**What is expected:** Please take the lines from the one holding "(\<Sum>k<d. \<Sum>m<d. ?c" through the one holding "l1 k * l2 k) $$" in the data below and copy them exactly.

================

lemma matvec_spectral_mat:
  assumes "i < d"
  shows "matvec d (spectral_mat d u lam) x i = (\<Sum>k<d. of_real (lam k) * u k i * cinner d (u k) x)"
proof -
  have "matvec d (spectral_mat d u lam) x i = (\<Sum>j<d. \<Sum>k<d. of_real (lam k) * u k i * cnj (u k j) * x j)"
    unfolding matvec_def using assms by (simp add: index_spectral_mat sum_distrib_right)
  also have "\<dots> = (\<Sum>k<d. \<Sum>j<d. of_real (lam k) * u k i * cnj (u k j) * x j)" by (rule sum.swap)
  also have "\<dots> = (\<Sum>k<d. of_real (lam k) * u k i * cinner d (u k) x)"
    unfolding cinner_def by (simp add: sum_distrib_left mult.assoc)
  finally show ?thesis .
qed

lemma Re_cinner_spectral_mat:
  "Re (cinner d x (matvec d (spectral_mat d u lam) x)) = (\<Sum>k<d. lam k * (cmod (cinner d (u k) x))\<^sup>2)"
proof -
  have "cinner d x (matvec d (spectral_mat d u lam) x)
      = (\<Sum>i<d. cnj (x i) * matvec d (spectral_mat d u lam) x i)"
    by (simp only: cinner_def)
  also have "\<dots> = (\<Sum>i<d. \<Sum>k<d. cnj (x i) * (of_real (lam k) * u k i * cinner d (u k) x))"
    by (intro sum.cong refl) (simp add: matvec_spectral_mat sum_distrib_left)
  also have "\<dots> = (\<Sum>k<d. \<Sum>i<d. cnj (x i) * (of_real (lam k) * u k i * cinner d (u k) x))"
    by (rule sum.swap)
  also have "\<dots> = (\<Sum>k<d. of_real (lam k) * (cnj (cinner d (u k) x) * cinner d (u k) x))"
  proof (rule sum.cong[OF refl])
    fix k
    have "cnj (cinner d (u k) x) = (\<Sum>i<d. cnj (x i) * u k i)"
      unfolding cinner_def by (simp add: mult.commute)
    then show "(\<Sum>i<d. cnj (x i) * (of_real (lam k) * u k i * cinner d (u k) x))
        = of_real (lam k) * (cnj (cinner d (u k) x) * cinner d (u k) x)"
      by (simp add: sum_distrib_left sum_distrib_right ac_simps)
  qed
  also have "\<dots> = (\<Sum>k<d. of_real (lam k * (cmod (cinner d (u k) x))\<^sup>2))"
  proof -
    have "\<And>z. cnj z * z = complex_of_real ((cmod z)\<^sup>2)"
      by (subst complex_norm_square) (rule mult.commute)
    then show ?thesis by (simp only: of_real_mult)
  qed
  finally show ?thesis by (simp only: Re_sum Re_complex_of_real)
qed

lemma spectral_mat_mult:
  assumes on: "orthonormal d d u"
  shows "spectral_mat d u l1 * spectral_mat d u l2 = spectral_mat d u (\<lambda>k. l1 k * l2 k)"
proof (rule eq_matI)
  fix a b assume "a < dim_row (spectral_mat d u (\<lambda>k. l1 k * l2 k))"
    "b < dim_col (spectral_mat d u (\<lambda>k. l1 k * l2 k))"
  then have a: "a < d" and b: "b < d" by (auto simp: spectral_mat_def)
  let ?c = "\<lambda>k m. of_real (l1 k) * u k a * of_real (l2 m) * cnj (u m b)"
  have "(spectral_mat d u l1 * spectral_mat d u l2) $$ (a, b)
      = (\<Sum>c<d. spectral_mat d u l1 $$ (a, c) * spectral_mat d u l2 $$ (c, b))"
    by (rule index_mult_mat_sum[OF spectral_mat_carrier spectral_mat_carrier a b])
  also have "\<dots> = (\<Sum>c<d. \<Sum>k<d. \<Sum>m<d. ?c k m * (cnj (u k c) * u m c))"
    using a b by (intro sum.cong refl) (simp add: index_spectral_mat sum_product ac_simps)
  also have "\<dots> = (\<Sum>k<d. \<Sum>m<d. ?c k m * cinner d (u k) (u m))"
    unfolding cinner_def sum_distrib_left
    by (subst sum.swap) (intro sum.cong refl sum.swap)
  also have "\<dots> = (\<Sum>k<d. \<Sum>m<d. if m = k then ?c k k else 0)"
    using on unfolding orthonormal_def by (intro sum.cong) auto
  also have "\<dots> = (\<Sum>k<d. of_real (l1 k * l2 k) * u k a * cnj (u k b))"
    by (intro sum.cong) auto
  finally show "(spectral_mat d u l1 * spectral_mat d u l2) $$ (a, b)
      = spectral_mat d u (\<lambda>k. l1 k * l2 k) $$ (a, b)"
    using a b by (simp add: index_spectral_mat)
qed (auto simp: spectral_mat_def)

lemma mtrace_spectral_mat:
  assumes on: "orthonormal d d u" shows "mtrace (spectral_mat d u lam) = of_real (\<Sum>k<d. lam k)"
proof -
  have "mtrace (spectral_mat d u lam) = (\<Sum>a<d. \<Sum>k<d. of_real (lam k) * (cnj (u k a) * u k a))"
    unfolding mtrace_def by (simp add: index_spectral_mat ac_simps)
  also have "\<dots> = (\<Sum>k<d. of_real (lam k) * cinner d (u k) (u k))"
    unfolding cinner_def by (subst sum.swap) (simp add: sum_distrib_left)
  also have "\<dots> = (\<Sum>k<d. of_real (lam k))" using on unfolding orthonormal_def by simp
  finally show ?thesis by simp
qed

lemma matvec_spectral_mat_eigen:
  assumes on: "orthonormal d d u" and j: "j < d" and i: "i < d"
  shows "matvec d (spectral_mat d u lam) (u j) i = of_real (lam j) * u j i"
proof -
  have "matvec d (spectral_mat d u lam) (u j) i = (\<Sum>k<d. if k = j then of_real (lam j) * u j i else 0)"
    unfolding matvec_spectral_mat[OF i] using on j unfolding orthonormal_def by (intro sum.cong) auto
  then show ?thesis using j by simp
qed

section \<open>Positive semidefinite square roots and the trace norm\<close>

lemma index_mat_adjoint:
  "i < dim_col A \<Longrightarrow> j < dim_row A \<Longrightarrow> mat_adjoint A $$ (i, j) = cnj (A $$ (j, i))"
  unfolding mat_adjoint_def by (simp add: mat_of_rows_index)

lemma mat_adjoint_dims [simp]:
  "dim_row (mat_adjoint A) = dim_col A" "dim_col (mat_adjoint A) = dim_row A"
  unfolding mat_adjoint_def by (simp_all add: mat_of_rows_def)

lemma hermitian_iff_mat_adjoint:
  assumes A: "A \<in> carrier_mat d d" shows "hermitian d A \<longleftrightarrow> mat_adjoint A = A"
proof
  assume h: "hermitian d A"
  show "mat_adjoint A = A"
  proof (rule eq_matI)
    fix i j assume "i < dim_row A" "j < dim_col A"
    then have i: "i < d" and j: "j < d" using A by auto
    show "mat_adjoint A $$ (i, j) = A $$ (i, j)"
      using index_mat_adjoint[of i A j] A i j hermitianD[OF h j i] by simp
  qed (use A in auto)
next
  assume adj: "mat_adjoint A = A"
  show "hermitian d A" unfolding hermitian_def
  proof (intro conjI allI impI)
    fix i j assume i: "i < d" and j: "j < d"
    have "mat_adjoint A $$ (j, i) = cnj (A $$ (i, j))" using index_mat_adjoint[of j A i] A i j by simp
    then show "A $$ (j, i) = cnj (A $$ (i, j))" using adj by simp
  qed (rule A)
qed

lemma psd_iff_hermitian_cinner:
  "psd d B \<longleftrightarrow> hermitian d B \<and> (\<forall>x. 0 \<le> Re (cinner d x (matvec d B x)))"
proof -
  have quad: "(\<Sum>i<d. cnj (v $ i) * (B *\<^sub>v v) $ i) = cinner d (\<lambda>j. v $ j) (matvec d B (\<lambda>j. v $ j))"
    if "B \<in> carrier_mat d d" "v \<in> carrier_vec d" for v
    unfolding cinner_def using matvec_mult_mat_vec[OF that] by (intro sum.cong) auto
  have vec: "cinner d x (matvec d B x) = cinner d (\<lambda>j. vec d x $ j) (matvec d B (\<lambda>j. vec d x $ j))" for x
    by (intro cinner_cong) (auto simp: matvec_def)
  show ?thesis
    unfolding psd_def using hermitian_iff_mat_adjoint[of B d] hermitian_carrier[of d B] quad vec
    by (metis vec_carrier)
qed

lemma psd_spectral:
  assumes "psd d B"
  shows "\<exists>u \<beta>. orthonormal d d u \<and> B = spectral_mat d u \<beta> \<and> (\<forall>k<d. 0 \<le> \<beta> k)"
proof -
  have h: "hermitian d B" and q: "\<And>x. 0 \<le> Re (cinner d x (matvec d B x))"
    using assms psd_iff_hermitian_cinner by auto
  obtain u \<beta> where on: "orthonormal d d u" and B: "B = spectral_mat d u \<beta>"
    using hermitian_spectral[OF h] by blast
  have "0 \<le> \<beta> k" if k: "k < d" for k
  proof -
    have "cinner d (u k) (matvec d B (u k)) = of_real (\<beta> k) * cinner d (u k) (u k)"
      using matvec_spectral_mat_eigen[OF on k] B by (intro cinner_eigenvector) auto
    also have "\<dots> = of_real (\<beta> k)" using on k unfolding orthonormal_def by simp
    finally show ?thesis using q[of "u k"] by simp
  qed
  then show ?thesis using on B by blast
qed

================

**Reply:**
  also have "\<dots> = (\<Sum>k<d. \<Sum>m<d. ?c k m * cinner d (u k) (u m))"
    unfolding cinner_def sum_distrib_left
    by (subst sum.swap) (intro sum.cong refl sum.swap)
  also have "\<dots> = (\<Sum>k<d. \<Sum>m<d. if m = k then ?c k k else 0)"
    using on unfolding orthonormal_def by (intro sum.cong) auto
  also have "\<dots> = (\<Sum>k<d. of_real (l1 k * l2 k) * u k a * cnj (u k b))"
    by (intro sum.cong) auto
  finally show "(spectral_mat d u l1 * spectral_mat d u l2) $$ (a, b)
      = spectral_mat d u (\<lambda>k. l1 k * l2 k) $$ (a, b)"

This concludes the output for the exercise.